START Material shown

(* The following problem (\textsc{MSO/DMS-MC}) is undecidable: given a database-manipulating system (DMS) $\mathcal{S}$ and an MSO-FO sentence $\phi$ over the schema of $\mathcal{S}$, decide whether $\rho \models \phi$ for every run $\rho \in \textsf{Runs}(\mathcal{S})$.
   Context: Fix a countably infinite data domain $\Delta$. A relational schema $\mathcal{R}$ is a finite set of relation names $R/a$ with arities $a\ge 0$. A database instance over $\mathcal{R}$ and a set $D$ is a finite set of facts $R(e_1,\dots,e_a)$ with $R/a\in\mathcal{R}$ and $e_i\in D$; a nullary relation $p/0$ is "true" in $I$ iff $p\in I$. The active domain $\mathrm{adom}(I)$ is the set of elements of $\Delta$ occurring in facts of $I$. A $\mathrm{FOL}(\mathcal{R})$ query is a first-order formula with equality over $\mathcal{R}$ (atoms $\mathsf{true}$, $R(u_1,\dots,u_a)$, $u_1=u_2$; connectives $\neg,\wedge$; quantifier $\exists u$), evaluated with active-domain semantics: $\exists u$ ranges over $\mathrm{adom}(I)$; $I,\sigma\models Q$ denotes satisfaction under a substitution $\sigma$ of the free variables. For an instance $I$ whose arguments are variables and a substitution $\sigma$ of these variables into $\Delta$, $\sigma(I)$ denotes the instance obtained by replacing each variable $u$ by $\sigma(u)$. A DMS over $\Delta$ and $\mathcal{R}$ is a pair $\mathcal{S}=\langle I_0,\textsc{acts}\rangle$ where $I_0$ is an instance with $\mathrm{adom}(I_0)=\emptyset$ (it only fixes truth values of nullary relations) and $\textsc{acts}$ is a finite set of actions $\alpha=\langle \vec u,\vec v,Q,\mathit{Del},\mathit{Add}\rangle$: $\vec u,\vec v$ are disjoint finite sets of data variables (action parameters and fresh-input variables), $Q$ is a $\mathrm{FOL}(\mathcal{R})$ query whose free variables are exactly $\vec u$, $\mathit{Del}$ is an instance over $\mathcal{R}$ with arguments in $\vec u$, and $\mathit{Add}$ is an instance over $\mathcal{R}$ with arguments in $\vec u\cup\vec v$ in which every variable of $\vec v$ occurs. Configurations are pairs $\langle I,H\rangle$ with $I$ an instance over $\mathcal{R},\Delta$ and $H\subseteq\Delta$ (history set). There is a transition $\langle I,H\rangle\xrightarrow{\alpha:\sigma}\langle I',H'\rangle$ iff $\sigma:\vec u\cup\vec v\to\Delta$ satisfies: $\sigma(u)\in\mathrm{adom}(I)$ for $u\in\vec u$; $\sigma(v)\notin H$ for $v\in\vec v$; $\sigma$ is injective on $\vec v$; $I,\sigma|_{\vec u}\models Q$; $I'=(I\setminus\sigma(\mathit{Del}))\cup\sigma(\mathit{Add})$; and $H'=H\cup\{\sigma(v)\mid v\in\vec v\}$. An extended run is an infinite sequence $\langle I_0,H_0\rangle\xrightarrow{\alpha_0:\sigma_0}\langle I_1,H_1\rangle\xrightarrow{\alpha_1:\sigma_1}\cdots$ with $H_0=\emptyset$; the run it generates is $I_0,I_1,I_2,\dots$; $\textsf{Runs}(\mathcal{S})$ is the set of all runs. MSO-FO formulae over $\mathcal{R}$: $\phi ::= Q@x \mid x<y \mid x\in X \mid \neg\phi \mid \phi\wedge\phi \mid \exists x.\phi \mid \exists X.\phi \mid \exists^g u.\phi$, where $x,y$ are first-order position variables (ranging over $\mathbb{N}$), $X$ is a second-order position variable (ranging over subsets of $\mathbb{N}$), $u$ is a data variable and $Q$ is a $\mathrm{FOL}(\mathcal{R})$ query. Over a run $\rho=I_0,I_1,\dots$ with $\mathrm{gadom}(\rho)=\bigcup_i\mathrm{adom}(I_i)$: $\rho,\sigma\models Q@x$ iff, with $i=\sigma(x)$, the values $\sigma$ assigns to the free variables of $Q$ lie in $\mathrm{adom}(I_i)$ and $I_i,\sigma|_{\mathrm{free}(Q)}\models Q$; $x<y$ and $x\in X$ are interpreted naturally on $\mathbb{N}$; $\exists^g u.\phi$ holds iff there is $e\in\mathrm{gadom}(\rho)$ with $\phi$ holding when $u\mapsto e$; the remaining cases are standard. A sentence has no free variables. *)

theory Defs
  imports Main "HOL-Library.Nat_Bijection"
begin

END Material shown

** Task statement **
Return all of the data above, keeping every line exactly as it appears.

** Exercise response **
(* The following problem (\textsc{MSO/DMS-MC}) is undecidable: given a database-manipulating system (DMS) $\mathcal{S}$ and an MSO-FO sentence $\phi$ over the schema of $\mathcal{S}$, decide whether $\rho \models \phi$ for every run $\rho \in \textsf{Runs}(\mathcal{S})$.
   Context: Fix a countably infinite data domain $\Delta$. A relational schema $\mathcal{R}$ is a finite set of relation names $R/a$ with arities $a\ge 0$. A database instance over $\mathcal{R}$ and a set $D$ is a finite set of facts $R(e_1,\dots,e_a)$ with $R/a\in\mathcal{R}$ and $e_i\in D$; a nullary relation $p/0$ is "true" in $I$ iff $p\in I$. The active domain $\mathrm{adom}(I)$ is the set of elements of $\Delta$ occurring in facts of $I$. A $\mathrm{FOL}(\mathcal{R})$ query is a first-order formula with equality over $\mathcal{R}$ (atoms $\mathsf{true}$, $R(u_1,\dots,u_a)$, $u_1=u_2$; connectives $\neg,\wedge$; quantifier $\exists u$), evaluated with active-domain semantics: $\exists u$ ranges over $\mathrm{adom}(I)$; $I,\sigma\models Q$ denotes satisfaction under a substitution $\sigma$ of the free variables. For an instance $I$ whose arguments are variables and a substitution $\sigma$ of these variables into $\Delta$, $\sigma(I)$ denotes the instance obtained by replacing each variable $u$ by $\sigma(u)$. A DMS over $\Delta$ and $\mathcal{R}$ is a pair $\mathcal{S}=\langle I_0,\textsc{acts}\rangle$ where $I_0$ is an instance with $\mathrm{adom}(I_0)=\emptyset$ (it only fixes truth values of nullary relations) and $\textsc{acts}$ is a finite set of actions $\alpha=\langle \vec u,\vec v,Q,\mathit{Del},\mathit{Add}\rangle$: $\vec u,\vec v$ are disjoint finite sets of data variables (action parameters and fresh-input variables), $Q$ is a $\mathrm{FOL}(\mathcal{R})$ query whose free variables are exactly $\vec u$, $\mathit{Del}$ is an instance over $\mathcal{R}$ with arguments in $\vec u$, and $\mathit{Add}$ is an instance over $\mathcal{R}$ with arguments in $\vec u\cup\vec v$ in which every variable of $\vec v$ occurs. Configurations are pairs $\langle I,H\rangle$ with $I$ an instance over $\mathcal{R},\Delta$ and $H\subseteq\Delta$ (history set). There is a transition $\langle I,H\rangle\xrightarrow{\alpha:\sigma}\langle I',H'\rangle$ iff $\sigma:\vec u\cup\vec v\to\Delta$ satisfies: $\sigma(u)\in\mathrm{adom}(I)$ for $u\in\vec u$; $\sigma(v)\notin H$ for $v\in\vec v$; $\sigma$ is injective on $\vec v$; $I,\sigma|_{\vec u}\models Q$; $I'=(I\setminus\sigma(\mathit{Del}))\cup\sigma(\mathit{Add})$; and $H'=H\cup\{\sigma(v)\mid v\in\vec v\}$. An extended run is an infinite sequence $\langle I_0,H_0\rangle\xrightarrow{\alpha_0:\sigma_0}\langle I_1,H_1\rangle\xrightarrow{\alpha_1:\sigma_1}\cdots$ with $H_0=\emptyset$; the run it generates is $I_0,I_1,I_2,\dots$; $\textsf{Runs}(\mathcal{S})$ is the set of all runs. MSO-FO formulae over $\mathcal{R}$: $\phi ::= Q@x \mid x<y \mid x\in X \mid \neg\phi \mid \phi\wedge\phi \mid \exists x.\phi \mid \exists X.\phi \mid \exists^g u.\phi$, where $x,y$ are first-order position variables (ranging over $\mathbb{N}$), $X$ is a second-order position variable (ranging over subsets of $\mathbb{N}$), $u$ is a data variable and $Q$ is a $\mathrm{FOL}(\mathcal{R})$ query. Over a run $\rho=I_0,I_1,\dots$ with $\mathrm{gadom}(\rho)=\bigcup_i\mathrm{adom}(I_i)$: $\rho,\sigma\models Q@x$ iff, with $i=\sigma(x)$, the values $\sigma$ assigns to the free variables of $Q$ lie in $\mathrm{adom}(I_i)$ and $I_i,\sigma|_{\mathrm{free}(Q)}\models Q$; $x<y$ and $x\in X$ are interpreted naturally on $\mathbb{N}$; $\exists^g u.\phi$ holds iff there is $e\in\mathrm{gadom}(\rho)$ with $\phi$ holding when $u\mapsto e$; the remaining cases are standard. A sentence has no free variables. *)

theory Defs
  imports Main "HOL-Library.Nat_Bijection"
begin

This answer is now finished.